Meski mengandung risiko politik, praktik pengumpulan intelijen akan tetap berlangsung, yang selain didukung alat seperti balon atau pesawat dan satelit, juga oleh interaksi manusia.
Oleh
Redaksi
·2 menit baca
Berita tentang penembakan balonmata-mataChina oleh jet tempur F-22 Amerika Serikat menjadi bacaan menarik selama beberapa hari terakhir.
Jagat spionase merupakan bagian tak terpisahkan dalam hubungan internasional. Hal ini berlaku tak hanya terbatas pada negara yang bermusuhan, tetapi juga negara yang memiliki hubungan baik. Masih teringat, bagaimana industri penerbangan Amerika Serikat (AS) absen dari Pameran Kedirgantaraan Le Bourget, Paris, 1993, dengan alasan pameran ini menjadi ajang mata-mata militer.
Pada kasus terakhir, balon tak hanya diterbangkan ke wilayah AS, tetapi juga ke wilayah negara lain, seperti Amerika Tengah dan Amerika Selatan (New Scientist, 10/2/2023). Terakhir bahkan muncul laporan, balon serupa teramati di Jepang tahun 2020 dan 2021, juga di atas Taipei dan India.
Muncul pertanyaan, mengapa setelah ada teknologi satelit mata-mata, China masih menggunakan balon? Penggunaan balon sudah tercatat dalam sejarah spionase dan peperangan. Bahkan, balon untuk sinyal militer sudah ada lebih dari 1.000 tahun, sementara balon pengamatan Perancis sudah digunakan di Pertempuran Fleurus tahun 1794.
Seperti halnya China, AS juga menggunakan pelbagai sarana teknologi guna mengumpulkan intelijen terhadap lawan potensial. Tak sedikit di antara beragam wahana itu memiliki kemampuan tumpang tindih. AS masih menggunakan pesawat U2 bertahun-tahun setelah memanfaatkan satelit.
Balon disebut memiliki kelebihan dalam mengangkut muatan (peralatan). Faktor lain, balon tak membutuhkan awak. Hal ini bisa mengurangi risiko politik jika ada balon yang terdeteksi atau ditembak jatuh.
Seperti halnya pesawat mata-mata U2 AS yang memiliki berbagai sensor dan muatan lain untuk berbagai misi, balon bisa digunakan untuk mengambil gambar/citra, baik dalam spektrum gelombang tampak maupun tak tampak, secara pasif mengumpulkan komunikasi elektronik atau mengumpulkan informasi lain yang lalu dipancarkan ke satelit negaranya. Disebutkan balon China dapat menyergap komunikasi telepon seluler dari staf di pangkalan militer.
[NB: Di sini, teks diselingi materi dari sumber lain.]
lemma final_segment_iso_mem: "final_segment F \<Longrightarrow> final_segment_iso F u \<in> F"
proof (induction F u rule: final_segment_iso.induct)
  case (1 F u)
  show ?case
  proof (cases "F = UNIV")
    case False
    note mem_iff = final_segment_mem_iff[OF "1.prems" False]
    show ?thesis
    proof (cases "0 \<le> u 0")
      case True
      then show ?thesis
        using False mem_iff by (simp add: final_segment_iso.simps)
    next
      case neg: False
      have "final_segment_iso (bottom_slice F) (from_neg_head u) \<in> bottom_slice F"
        using "1.IH" False neg final_segment_bottom_slice[OF "1.prems" False] by blast
      then show ?thesis
        using False neg mem_iff by (simp add: final_segment_iso.simps)
    qed
  qed simp
qed

lemma tail_equiv_final_segment_iso: "tail_equiv (final_segment_iso F u) u"
proof (induction F u rule: final_segment_iso.induct)
  case (1 F u)
  have "tail_equiv (seq_cons (min_head F + 1 + u 0) (seq_tl u)) u"
    using tail_equiv_seq_cons tail_equiv_seq_tl tail_equiv_trans by blast
  moreover have
    "tail_equiv (seq_cons (min_head F) (final_segment_iso (bottom_slice F) (from_neg_head u))) u"
    if "F \<noteq> UNIV" and "\<not> 0 \<le> u 0"
    using "1.IH"[OF that] tail_equiv_seq_cons tail_equiv_from_neg_head tail_equiv_trans by blast
  ultimately show ?case
    by (simp add: final_segment_iso.simps tail_equiv_refl)
qed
Penembakan balon mata-mata yang diklaim sebagai balon penelitian cuaca oleh China mengingatkan orang pada penembakan pesawat U2 AS yang terbang di atas wilayah Uni Soviet pada tahun 1960.
Semua itu menyadarkan kita, aktivitas pengumpulan intelijen masih dan akan terus berlangsung. Melalui balon, China juga menguji kemampuan sistem pertahanan udara AS.
Ketika U2 berhasil ditembak jatuh, AS masih mempunyai jet mata-mata SR-71 Blackbird berkecepatan lebih dari tiga kali kecepatan suara dan terbang di ketinggian tak kurang 100.000 kaki sehingga tak ada rudal yang mampu mengejarnya.
Akhirnya, meski mengandung risiko politik, praktik pengumpulan intelijen akan tetap berlangsung, yang selain didukung alat seperti balon atau pesawat dan satelit juga oleh interaksi manusia. Setiap negara akan terus berusaha mencari keunggulan melalui informasi intelijen.